The paper also describes the history of the neural networks as well as the primarily used convolutional neural network which has become the most popular method at the image classification and object detection tasks.

According to the analyzed facts and the results from our empirically tested data, in the future we would like to design and implement optimized method for automated generation of domain-specific datasets that are essential in the training phase of the neural networks which is very necessary task to do for the neural networks to actually be able to learn and detect objects on the series of any new images. 2

Neural Networks

There are a lot of general methods that deal with a problem in a unique way in an optimal time consuming interval and nowadays neural networks have been one of them that become commercially popularized thanks to the fact that hardware as well as software are being significantly advanced on daily basis. Today, they have been widely used in many sectors of the computer science from arduino microcontroller interfaces [ 1 ] through authentication [ 2 ] or our researched image classification and object detection.

Neural networks consist of many interconnected groups of nodes that are called neurons. Variables from input functions from data are transmitted to these neurons as a multivariable linear combination, where the values are multiplied with each function variable (i.e. weights). On this linear combination there is later applied non-linearity that give the neural networks an ability to model complex non-linear relations. Neural networks can have more layers, where an output from one layer is the input for the other. Also, for the learning and detecting processes, neural networks use trained datasets (section 2.2).

Nowadays, there are a lot of algorithms with various types of neural networks. Their historical development is described in the next section 2.1. 2.1

History of the Neural Networks

For a few decades there have been simple approaches to create one of the firsts neural networks and its very first approach begun by Frank Rosenblatt in 1958 [ 3 ], who researched how information from physical world are stored in biological system so it could be used for detection or behavioral influences in the future.

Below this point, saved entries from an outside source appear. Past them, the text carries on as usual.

lemma enclosed_beta2: "enclosed beta2 (-774804113216, -774804113215)"
  and tetranacci_poly_beta2: "tetranacci_poly beta2 = 0"
  and beta2_neg: "beta2 < 0"
proof -
  have "\<exists>x. enclosed x (-774804113216, -774804113215) \<and> tetranacci_poly x = 0"
    by (rule tetranacci_poly_real_root_enclosed) (simp_all add: tetranacci_poly_def eval_nat_numeral)
  then obtain b where b: "enclosed b (-774804113216, -774804113215)" "tetranacci_poly b = 0" by blast
  then have "b < 0" unfolding enclosed_def by simp
  have "beta2 = b" unfolding beta2_def
  proof (rule the_equality)
    show "b^4 - b^3 - b^2 - b - 1 = 0 \<and> b < 0" using b \<open>b < 0\<close> by (simp add: tetranacci_poly_def)
    show "x = b" if "x^4 - x^3 - x^2 - x - 1 = 0 \<and> x < 0" for x
      using that b(2) \<open>b < 0\<close> tetranacci_poly_negative_root_unique[of x b] by (simp add: tetranacci_poly_def)
  qed
  with b \<open>b < 0\<close> show "enclosed beta2 (-774804113216, -774804113215)" "tetranacci_poly beta2 = 0" "beta2 < 0"
    by simp_all
qed

lemma tetranacci_poly_factor_two_roots:
  fixes a b z :: "'a::field_char_0"
  assumes "tetranacci_poly a = 0" "tetranacci_poly b = 0" "a \<noteq> b"
  shows "tetranacci_poly z = (z - a) * (z - b) *
    ((z - (1 - a - b) / 2)^2 + (3*a^2 + 2*(a*b) + 3*b^2 - 2*a - 2*b - 5) / 4)"
proof -
  define q where "q = b^3 + (a - 1)*b^2 + (a^2 - a - 1)*b + (a^3 - a^2 - a - 1)"
  have "tetranacci_poly b - tetranacci_poly a = (b - a) * q"
    unfolding q_def tetranacci_poly_def by (simp add: algebra_simps eval_nat_numeral)
  then have "q = 0" using assms by simp
  have "tetranacci_poly z - tetranacci_poly a = (z - a) * (q + (z - b) *
    ((z - (1 - a - b) / 2)^2 + (3*a^2 + 2*(a*b) + 3*b^2 - 2*a - 2*b - 5) / 4))"
    unfolding q_def tetranacci_poly_def by (simp add: field_simps eval_nat_numeral)
  with \<open>q = 0\<close> assms(1) show ?thesis by (simp add: mult.assoc)
qed

lemma enclosed_beta1_sq: "enclosed (beta1^2) (3715495169324, 3715495169328)"
  unfolding power2_eq_square by (rule enclosed_mult[OF enclosed_beta1 enclosed_beta1]) simp

lemma enclosed_beta1_beta2: "enclosed (beta1 * beta2) (-1493482947083, -1493482947080)"
  by (rule enclosed_mult[OF enclosed_beta1 enclosed_beta2]) simp

lemma enclosed_beta2_sq: "enclosed (beta2^2) (600321413854, 600321413857)"
  unfolding power2_eq_square by (rule enclosed_mult[OF enclosed_beta2 enclosed_beta2]) simp

lemma enclosed_beta2_cube: "enclosed (beta2^3) (-465131500709, -465131500705)"
  unfolding power3_eq_cube power2_eq_square[symmetric] by (rule enclosed_mult[OF enclosed_beta2_sq enclosed_beta2]) simp

text \<open>By \<open>tetranacci_poly_factor_two_roots\<close>, the non-real roots of \<open>P\<close> are \<open>re3 \<plusminus> i \<cdot> im3\<close>.\<close>

definition disc :: real where
  "disc = 3*beta1^2 + 2*(beta1*beta2) + 3*beta2^2 - 2*beta1 - 2*beta2 - 5"

definition re3 :: real where "re3 = (1 - beta1 - beta2) / 2"

definition im3 :: real where "im3 = sqrt disc / 2"

lemma enclosed_disc: "enclosed disc (2654968130832, 2654968130863)"
  using enclosed_beta1 enclosed_beta2 enclosed_beta1_sq enclosed_beta1_beta2 enclosed_beta2_sq
  unfolding disc_def enclosed_def by (simp only: prod.sel of_int_minus of_int_numeral ring_distribs) linarith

Later, there were developed models with several successively non-linear layers of neurons that are dated back to the sixty's [ 4 ] and seventy's [ 5 ]. Gradient descent method was in the supervised learning [ 6 ] in discrete, differencional networks of an arbitrary depth called backpropagation [ 7 ] applied for the first time to a neural network in 1981.

With a huge amount of various layers, neural networks were too hard to develop at this time, because of that their development stagnated until the beginning of ninety's [ 8 ], when unsupervised learning [ 9 ] method was implemented.

In the ninety's and twenty's of the last century there were significant improvements in this kind of field. There was developed a new method of reinforced learning [ 10 ] that looks into an unknown environment and by using the trial and error method, agent learns about its surroundings and gets better every time it tries a new approach with its actions [ 11 ].

In the third millennium, the neural networks attracted a large amount of researchers for their application in many different sectors [ 12, 13 ] resulting among the best algorithms. Since 2009 the neural networks have won many competitions especially in a pattern recognition.

The pattern recognition was significantly improved when Alex Krizhevsky et al. in 2012 developed convolutional neural network for image classification task on ImageNet challenge [ 14 ]. He and his team won the challenge and created state-of-theart image classification method that is also used today. 2.2

Datasets

Today, there are a lot of various datasets for the machine learning but we will take a closer look at image datasets that are essential for image classification and object detection tasks.

Creating image datasets is a relatively time-consuming operation, since their meaning is acquired when they contain a huge amount of data. The image datasets that are used in image classification and object detection are created by labeling objects and accurately locating them with a bounding box. Nowadays, there are no such tools that could perform fully automated objects labeling and locating.

We want to direct our research to domain-specific environments, so creating a method that automates the generation of these datasets is desired in the community.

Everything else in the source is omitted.